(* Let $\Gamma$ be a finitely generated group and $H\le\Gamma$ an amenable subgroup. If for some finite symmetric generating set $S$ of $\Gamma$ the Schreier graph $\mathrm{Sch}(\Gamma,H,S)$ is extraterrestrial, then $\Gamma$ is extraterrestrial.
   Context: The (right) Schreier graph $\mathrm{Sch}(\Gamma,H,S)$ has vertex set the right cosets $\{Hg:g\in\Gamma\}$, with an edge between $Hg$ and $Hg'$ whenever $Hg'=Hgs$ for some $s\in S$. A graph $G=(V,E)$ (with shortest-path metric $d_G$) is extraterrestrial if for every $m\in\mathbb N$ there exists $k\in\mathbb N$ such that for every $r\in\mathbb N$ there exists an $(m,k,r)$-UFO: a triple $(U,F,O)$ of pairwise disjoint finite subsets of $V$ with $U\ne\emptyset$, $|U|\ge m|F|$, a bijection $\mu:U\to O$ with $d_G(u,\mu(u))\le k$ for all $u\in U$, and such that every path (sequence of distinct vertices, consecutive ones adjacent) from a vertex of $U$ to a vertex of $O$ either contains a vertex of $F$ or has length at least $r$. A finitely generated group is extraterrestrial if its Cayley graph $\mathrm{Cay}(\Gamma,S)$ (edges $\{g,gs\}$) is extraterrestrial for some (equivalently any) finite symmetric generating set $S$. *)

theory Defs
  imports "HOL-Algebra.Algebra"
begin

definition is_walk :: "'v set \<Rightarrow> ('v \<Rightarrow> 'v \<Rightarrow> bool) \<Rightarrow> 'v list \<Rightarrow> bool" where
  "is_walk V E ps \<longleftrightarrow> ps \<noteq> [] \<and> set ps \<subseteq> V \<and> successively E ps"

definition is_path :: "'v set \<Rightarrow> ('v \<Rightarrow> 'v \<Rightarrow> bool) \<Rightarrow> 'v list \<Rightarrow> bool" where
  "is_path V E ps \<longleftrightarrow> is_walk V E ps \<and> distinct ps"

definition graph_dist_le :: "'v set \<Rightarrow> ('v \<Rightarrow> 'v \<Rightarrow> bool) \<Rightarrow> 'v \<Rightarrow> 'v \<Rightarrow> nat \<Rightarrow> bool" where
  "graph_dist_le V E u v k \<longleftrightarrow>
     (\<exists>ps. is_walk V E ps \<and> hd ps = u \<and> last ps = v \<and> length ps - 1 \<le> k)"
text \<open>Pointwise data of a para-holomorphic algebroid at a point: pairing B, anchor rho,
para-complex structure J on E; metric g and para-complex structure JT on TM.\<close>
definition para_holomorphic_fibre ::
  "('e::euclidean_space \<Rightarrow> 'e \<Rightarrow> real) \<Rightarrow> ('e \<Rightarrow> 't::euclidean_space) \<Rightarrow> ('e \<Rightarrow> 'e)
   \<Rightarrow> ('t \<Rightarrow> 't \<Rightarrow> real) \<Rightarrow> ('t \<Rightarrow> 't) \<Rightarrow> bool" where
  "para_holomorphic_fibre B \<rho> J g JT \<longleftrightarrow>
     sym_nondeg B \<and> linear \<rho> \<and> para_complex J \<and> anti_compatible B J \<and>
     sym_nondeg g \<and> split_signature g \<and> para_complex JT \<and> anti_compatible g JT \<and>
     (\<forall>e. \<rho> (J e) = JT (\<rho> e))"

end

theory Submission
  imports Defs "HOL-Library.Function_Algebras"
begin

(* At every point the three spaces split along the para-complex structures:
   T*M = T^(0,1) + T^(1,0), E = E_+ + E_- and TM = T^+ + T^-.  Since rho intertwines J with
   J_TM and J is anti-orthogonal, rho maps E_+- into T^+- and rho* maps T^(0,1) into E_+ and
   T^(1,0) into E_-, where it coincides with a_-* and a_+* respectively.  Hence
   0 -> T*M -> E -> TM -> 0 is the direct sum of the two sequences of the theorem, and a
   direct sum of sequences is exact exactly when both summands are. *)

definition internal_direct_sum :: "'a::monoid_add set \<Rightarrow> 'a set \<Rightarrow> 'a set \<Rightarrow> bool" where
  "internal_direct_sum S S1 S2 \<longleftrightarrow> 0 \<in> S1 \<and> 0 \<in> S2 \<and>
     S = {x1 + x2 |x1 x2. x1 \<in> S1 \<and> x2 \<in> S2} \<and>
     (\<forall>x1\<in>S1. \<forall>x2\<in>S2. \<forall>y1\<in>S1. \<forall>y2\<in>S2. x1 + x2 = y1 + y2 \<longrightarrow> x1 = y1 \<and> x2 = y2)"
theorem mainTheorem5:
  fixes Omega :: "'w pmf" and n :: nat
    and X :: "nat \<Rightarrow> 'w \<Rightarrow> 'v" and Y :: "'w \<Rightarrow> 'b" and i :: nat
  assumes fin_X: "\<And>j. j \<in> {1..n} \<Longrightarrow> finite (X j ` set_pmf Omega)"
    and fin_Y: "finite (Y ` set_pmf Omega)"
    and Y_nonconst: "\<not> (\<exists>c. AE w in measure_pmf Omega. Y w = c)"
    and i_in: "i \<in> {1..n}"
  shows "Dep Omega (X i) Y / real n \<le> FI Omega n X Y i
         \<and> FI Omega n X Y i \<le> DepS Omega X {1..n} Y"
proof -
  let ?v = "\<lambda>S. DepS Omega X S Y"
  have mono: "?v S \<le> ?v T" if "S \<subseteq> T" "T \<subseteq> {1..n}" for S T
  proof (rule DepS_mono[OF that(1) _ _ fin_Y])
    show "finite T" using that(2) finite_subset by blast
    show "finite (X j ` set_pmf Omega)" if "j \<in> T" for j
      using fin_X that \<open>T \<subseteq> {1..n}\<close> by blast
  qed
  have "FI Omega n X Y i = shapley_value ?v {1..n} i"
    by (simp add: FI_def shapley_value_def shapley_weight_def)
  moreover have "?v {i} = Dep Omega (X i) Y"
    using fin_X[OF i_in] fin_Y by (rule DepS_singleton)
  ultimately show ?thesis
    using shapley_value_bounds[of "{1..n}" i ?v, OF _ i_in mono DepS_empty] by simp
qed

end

- The task: Please show every line of the records that holds the word "have".

- Result of the task:
  have mono: "?v S \<le> ?v T" if "S \<subseteq> T" "T \<subseteq> {1..n}" for S T
  have "FI Omega n X Y i = shapley_value ?v {1..n} i"
  moreover have "?v {i} = Dep Omega (X i) Y"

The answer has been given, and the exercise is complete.